# Descriptive Statistics: Measures of Dispersion (Absolute)

## Standard Deviation

This is usually used as a way to identify outliers. Data points that lie more than
one standard deviation from the mean can be considered unusual.

The standard deviation is the square root of the variance.

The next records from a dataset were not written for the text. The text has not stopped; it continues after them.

lemma measurable_snd_borel_S2: "snd \<in> measurable borel_S2S2 borel_S2"
  unfolding borel_S2S2_def borel_S2_def
  by (rule measurable_restrict_space3) (auto intro!: borel_measurable_continuous_onI continuous_intros)

lemma Times_in_sets_borel_S2S2:
  assumes X: "X \<in> sets borel_S2" and Y: "Y \<in> sets borel_S2"
  shows "X \<times> Y \<in> sets borel_S2S2"
proof -
  have "X \<times> Y = (fst -` X \<inter> space borel_S2S2) \<inter> (snd -` Y \<inter> space borel_S2S2)"
    using assms by (auto simp: space_borel_S2S2 sets_borel_S2_iff)
  then show ?thesis
    using measurable_sets[OF measurable_fst_borel_S2 X] measurable_sets[OF measurable_snd_borel_S2 Y]
    by simp
qed

lemma singleton_in_sets_borel_S2S2: "q \<in> S2 \<times> S2 \<Longrightarrow> {q} \<in> sets borel_S2S2"
  using Times_in_sets_borel_S2S2[of "{fst q}" "{snd q}"]
  by (cases q) (simp add: finite_in_sets_borel_S2)

lemma emeasure_distr_fst_borel_S2:
  assumes M: "sets M = sets borel_S2S2" and X: "X \<in> sets borel_S2"
  shows "emeasure (distr M borel_S2 fst) X = emeasure M (X \<times> S2)"
proof -
  have "fst \<in> measurable M borel_S2"
    using measurable_fst_borel_S2 measurable_cong_sets[OF M refl] by blast
  moreover have "fst -` X \<inter> space M = X \<times> S2"
    using X sets_eq_imp_space_eq[OF M] by (auto simp: space_borel_S2S2 sets_borel_S2_iff)
  ultimately show ?thesis
    using emeasure_distr X by metis
qed

lemma emeasure_distr_snd_borel_S2:
  assumes M: "sets M = sets borel_S2S2" and Y: "Y \<in> sets borel_S2"
  shows "emeasure (distr M borel_S2 snd) Y = emeasure M (S2 \<times> Y)"
proof -
  have "snd \<in> measurable M borel_S2"
    using measurable_snd_borel_S2 measurable_cong_sets[OF M refl] by blast
  moreover have "snd -` Y \<inter> space M = S2 \<times> Y"
    using Y sets_eq_imp_space_eq[OF M] by (auto simp: space_borel_S2S2 sets_borel_S2_iff)
  ultimately show ?thesis
    using emeasure_distr Y by metis
qed

lemma measure_Times_split_right:
  assumes M: "finite_borel_S2S2 M" and X: "X \<in> sets borel_S2" and Y: "Y \<in> sets borel_S2"
    and F: "finite F" "F \<subseteq> Y"
  shows "measure M (X \<times> Y) = measure M (X \<times> (Y - F)) + (\<Sum>y\<in>F. measure M (X \<times> {y}))"
proof -
  interpret finite_measure M
    using M by (simp add: finite_borel_S2S2_def)
  have sets_M: "sets M = sets borel_S2S2"
    using M by (simp add: finite_borel_S2S2_def)
  have FS2: "F \<subseteq> S2"
    using F Y by (auto simp: sets_borel_S2_iff)
  have "Y - F \<in> sets borel_S2"
    using Y F(1) FS2 by (auto simp: sets_borel_S2_iff intro: borel_closed finite_imp_closed)
  then have XYF: "X \<times> (Y - F) \<in> sets M"
    using X sets_M by (simp add: Times_in_sets_borel_S2S2)
  have Xy: "X \<times> {y} \<in> sets M" if "y \<in> F" for y
    using that X FS2 sets_M by (auto intro!: Times_in_sets_borel_S2S2 finite_in_sets_borel_S2)
  have "X \<times> Y = X \<times> (Y - F) \<union> (\<Union>y\<in>F. X \<times> {y})"
    using F by auto
  then have "measure M (X \<times> Y) = measure M (X \<times> (Y - F)) + measure M (\<Union>y\<in>F. X \<times> {y})"
    using XYF Xy F(1) by (simp, intro finite_measure_Union) auto
  also have "measure M (\<Union>y\<in>F. X \<times> {y}) = (\<Sum>y\<in>F. measure M (X \<times> {y}))"
    using Xy F(1) by (intro finite_measure_finite_Union) (auto simp: disjoint_family_on_def)
  finally show ?thesis .
qed

lemma measure_Times_split_left:
  assumes M: "finite_borel_S2S2 M" and X: "X \<in> sets borel_S2" and Y: "Y \<in> sets borel_S2"
    and F: "finite F" "F \<subseteq> X"
  shows "measure M (X \<times> Y) = measure M ((X - F) \<times> Y) + (\<Sum>x\<in>F. measure M ({x} \<times> Y))"
proof -
  interpret finite_measure M
    using M by (simp add: finite_borel_S2S2_def)
  have sets_M: "sets M = sets borel_S2S2"
    using M by (simp add: finite_borel_S2S2_def)
  have FS2: "F \<subseteq> S2"
    using F X by (auto simp: sets_borel_S2_iff)
  have "X - F \<in> sets borel_S2"
    using X F(1) FS2 by (auto simp: sets_borel_S2_iff intro: borel_closed finite_imp_closed)
  then have XFY: "(X - F) \<times> Y \<in> sets M"
    using Y sets_M by (simp add: Times_in_sets_borel_S2S2)
  have xY: "{x} \<times> Y \<in> sets M" if "x \<in> F" for x
    using that Y FS2 sets_M by (auto intro!: Times_in_sets_borel_S2S2 finite_in_sets_borel_S2)
  have "X \<times> Y = (X - F) \<times> Y \<union> (\<Union>x\<in>F. {x} \<times> Y)"
    using F by auto
  then have "measure M (X \<times> Y) = measure M ((X - F) \<times> Y) + measure M (\<Union>x\<in>F. {x} \<times> Y)"
    using XFY xY F(1) by (simp, intro finite_measure_Union) auto
  also have "measure M (\<Union>x\<in>F. {x} \<times> Y) = (\<Sum>x\<in>F. measure M ({x} \<times> Y))"
    using xY F(1) by (intro finite_measure_finite_Union) (auto simp: disjoint_family_on_def)
  finally show ?thesis .
qed

section \<open>The cost integral\<close>

lemma (in sigma_finite_measure) AE_RN_deriv_eq_0:
  assumes "absolutely_continuous M N" "sets N = sets M" "A \<in> sets M" "emeasure N A = 0"
  shows "AE x in M. x \<in> A \<longrightarrow> RN_deriv M N x = 0"
proof -
  have "A \<in> null_sets (density M (RN_deriv M N))"
    using assms by (simp add: density_RN_deriv null_sets_def)
  then show ?thesis
    by (simp add: null_sets_density_iff)
qed

lemma ennreal_cone_cost_split:
  fixes x y :: "'a::real_normed_vector"
  assumes "norm x = 1" "norm y = 1" "r0 \<noteq> \<top>" "r1 \<noteq> \<top>"
    and "x \<notin> U \<Longrightarrow> r0 = 0" "y \<notin> V \<Longrightarrow> r1 = 0"
  shows "ennreal (cone_cost (enn2real r0) x (enn2real r1) y) =
     (if x \<in> U \<and> y \<in> V then ennreal (cone_cost (enn2real r0) x (enn2real r1) y) else 0)
     + (if x \<in> U \<and> y \<notin> V then r0 else 0) + (if x \<notin> U \<and> y \<in> V then r1 else 0)"
  using assms by (auto simp: cone_cost_0_left cone_cost_0_right less_top cone_cost_def)

lemma (in sigma_finite_measure) cone_cost_RN_deriv_singleton:
  assumes "finite_measure N0" "absolutely_continuous M N0" "sets N0 = sets M"
    and "finite_measure N1" "absolutely_continuous M N1" "sets N1 = sets M"
    and "{q} \<in> sets M"
  shows "ennreal (cone_cost (enn2real (RN_deriv M N0 q)) x (enn2real (RN_deriv M N1 q)) y) * emeasure M {q}
       = ennreal (cone_cost (measure N0 {q}) x (measure N1 {q}) y)"
  using ennreal_cone_cost_mult_density[OF RN_deriv_singleton[OF assms(2,3,7)] RN_deriv_singleton[OF assms(5,6,7)]]
    finite_measure.emeasure_finite[OF assms(1)] finite_measure.emeasure_finite[OF assms(4)]
  by (simp add: measure_def)

definition cone_cost_density ::
    "('a::real_normed_vector \<times> 'a) measure \<Rightarrow> ('a \<times> 'a) measure \<Rightarrow> ('a \<times> 'a) measure \<Rightarrow> 'a \<times> 'a \<Rightarrow> ennreal" where
  "cone_cost_density \<gamma> \<gamma>0 \<gamma>1 p =
     ennreal (cone_cost (enn2real (RN_deriv \<gamma> \<gamma>0 p)) (fst p) (enn2real (RN_deriv \<gamma> \<gamma>1 p)) (snd p))"

context
  fixes \<gamma> \<gamma>0 \<gamma>1 :: "((real^3) \<times> (real^3)) measure" and U V :: "(real^3) set"
  assumes sets_\<gamma>: "sets \<gamma> = sets borel_S2S2" and sigma_finite: "sigma_finite_measure \<gamma>"
    and ac0: "absolutely_continuous \<gamma> \<gamma>0" and ac1: "absolutely_continuous \<gamma> \<gamma>1"
    and fb0: "finite_borel_S2S2 \<gamma>0" and fb1: "finite_borel_S2S2 \<gamma>1"
    and U: "finite U" "U \<subseteq> S2" and V: "finite V" "V \<subseteq> S2"
    and null0: "emeasure \<gamma>0 ((S2 - U) \<times> S2) = 0" and null1: "emeasure \<gamma>1 (S2 \<times> (S2 - V)) = 0"
begin

interpretation sigma_finite_measure \<gamma>
  by (fact sigma_finite)

interpretation \<gamma>0: finite_measure \<gamma>0
  using fb0 by (simp add: finite_borel_S2S2_def)

interpretation \<gamma>1: finite_measure \<gamma>1
  using fb1 by (simp add: finite_borel_S2S2_def)

lemma AE_cone_cost_density_eq:
  "AE p in \<gamma>. cone_cost_density \<gamma> \<gamma>0 \<gamma>1 p = (\<Sum>q\<in>U \<times> V. cone_cost_density \<gamma> \<gamma>0 \<gamma>1 q * indicator {q} p)
      + RN_deriv \<gamma> \<gamma>0 p * indicator (U \<times> (S2 - V)) p + RN_deriv \<gamma> \<gamma>1 p * indicator ((S2 - U) \<times> V) p"
proof -
  have sets0: "sets \<gamma>0 = sets \<gamma>" and sets1: "sets \<gamma>1 = sets \<gamma>"
    using fb0 fb1 sets_\<gamma> by (simp_all add: finite_borel_S2S2_def)
  have space_\<gamma>: "space \<gamma> = S2 \<times> S2"
    using sets_eq_imp_space_eq[OF sets_\<gamma>] by (simp add: space_borel_S2S2)
  have "(S2 - U) \<times> S2 \<in> sets \<gamma>" "S2 \<times> (S2 - V) \<in> sets \<gamma>"
    using U V sets_\<gamma>
    by (simp_all add: Times_in_sets_borel_S2S2 S2_in_sets_borel_S2 S2_Diff_in_sets_borel_S2 finite_in_sets_borel_S2)
  then have "AE p in \<gamma>. p \<in> (S2 - U) \<times> S2 \<longrightarrow> RN_deriv \<gamma> \<gamma>0 p = 0"
    and "AE p in \<gamma>. p \<in> S2 \<times> (S2 - V) \<longrightarrow> RN_deriv \<gamma> \<gamma>1 p = 0"
    using AE_RN_deriv_eq_0[OF ac0 sets0 _ null0] AE_RN_deriv_eq_0[OF ac1 sets1 _ null1] by simp_all
  with AE_space RN_deriv_finite[OF \<gamma>0.sigma_finite_measure_axioms ac0 sets0]
    RN_deriv_finite[OF \<gamma>1.sigma_finite_measure_axioms ac1 sets1]
  show ?thesis
  proof eventually_elim
    case (elim p)
    obtain x y where p: "p = (x, y)" and xy: "x \<in> S2" "y \<in> S2"
      using elim(1) space_\<gamma> by (cases p) auto
    let ?c = "cone_cost_density \<gamma> \<gamma>0 \<gamma>1"
    have atoms: "(\<Sum>q\<in>U \<times> V. ?c q * indicator {q} p) = (if p \<in> U \<times> V then ?c p else 0)"
      using U(1) V(1) by (simp add: indicator_def if_distrib[of "(*) _"] sum.delta' cong: if_cong)
    have split: "?c p = (if x \<in> U \<and> y \<in> V then ?c p else 0)
                + (if x \<in> U \<and> y \<notin> V then RN_deriv \<gamma> \<gamma>0 p else 0)
                + (if x \<notin> U \<and> y \<in> V then RN_deriv \<gamma> \<gamma>1 p else 0)"
      unfolding cone_cost_density_def p fst_conv snd_conv
      by (rule ennreal_cone_cost_split) (use elim xy in \<open>auto simp: p norm_S2\<close>)
    show ?case
      by (rule trans[OF split]) (use xy atoms in \<open>simp add: p indicator_def\<close>)
  qed
qed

### Formula (standard deviation)

$$ \sigma = \sqrt{\frac{\sum_{i=1}^{N} (x_i - \mu)^2}{N}} $$

$$
s^2 = \sqrt{\frac{\sum_{i=1}^{n} (x_i - \bar{x})^2}{n-1}}
$$

### Examples (standard deviation)

In [24]:
import numpy as np
import pandas as pd
from scipy import stats
import statistics as sts

#### Example 1 (standard deviation)

In [2]:
day = [1, 2, 3, 4, 5, 6, 7, 8, 9, 10]
time= [39, 29, 43, 52, 39, 44, 40, 31, 44, 35]

In [3]:
df = pd.DataFrame(columns=["Day", "Time"])
df["Day"] = day
df["Time"] = time
df

Unnamed: 0,Day,Time
0,1,39
1,2,29
2,3,43
3,4,52
4,5,39
5,6,44
6,7,40
7,8,31
8,9,44
9,10,35


In [4]:
df.describe()

Unnamed: 0,Day,Time
count,10.0,10.0
mean,5.5,39.6
std,3.02765,6.769211
min,1.0,29.0
25%,3.25,36.0
50%,5.5,39.5
75%,7.75,43.75
max,10.0,52.0


In [5]:
np.var(time)

np.float64(41.24)

In [6]:
sts.pvariance(time)

41.24

In [7]:
sts.variance(time)

45.82222222222222

In [8]:
float(f"{stats.tstd(time):.2f}")

6.77

#### Example 2 (standard deviation)

In [9]:
hurricanes = [18, 21, 13, 19, 24, 17, 14, 12, 15, 14]

In [10]:
float(f"{sts.pstdev(hurricanes):.2f}") # population standard deviation

3.63

In [11]:
float(f"{np.std(hurricanes):.2f}") # population standard deviation

3.63

In [12]:
float(f"{stats.tstd(hurricanes):.2f}") # sample standard deviation

3.83

In [13]:
float(f"{sts.stdev(hurricanes):.2f}")  # sample standard deviation

3.83

#### Example 3 (standard deviation)

In [14]:
students = [18, 22, 25, 26, 15]

In [15]:
stud_mean = np.mean(students)
stud_sub = np.subtract(students, stud_mean)
stud_var = np.sum(np.square(stud_sub)) / 5
np.sqrt(stud_var)

np.float64(4.166533331199932)

In [16]:
sts.pstdev(students)

4.166533331199932

In [17]:
np.std(students)

np.float64(4.166533331199932)

### Extra: Coefficient of Variation

#### Formula (coefficient of variation)

$$ CV = \frac{\sigma}{\mu} $$

##### Estimation

When only a sample of data from a population is available, the population CV can be estimated using the ratio of the sample standard deviation $s$ to the sample mean $\bar{x}$:
$$
\widehat{c_{\rm{v}}}={\frac {s}{\bar{x}}}
$$

Use the `variation()` function from `scipy` to calculate the coefficient of variation.
This function is equivalent to:
```Python
np.std(x, axis=axis, ddof=ddof) / np.mean(x)
```
The `ddof` parameter is the Delta Degrees of Freedom.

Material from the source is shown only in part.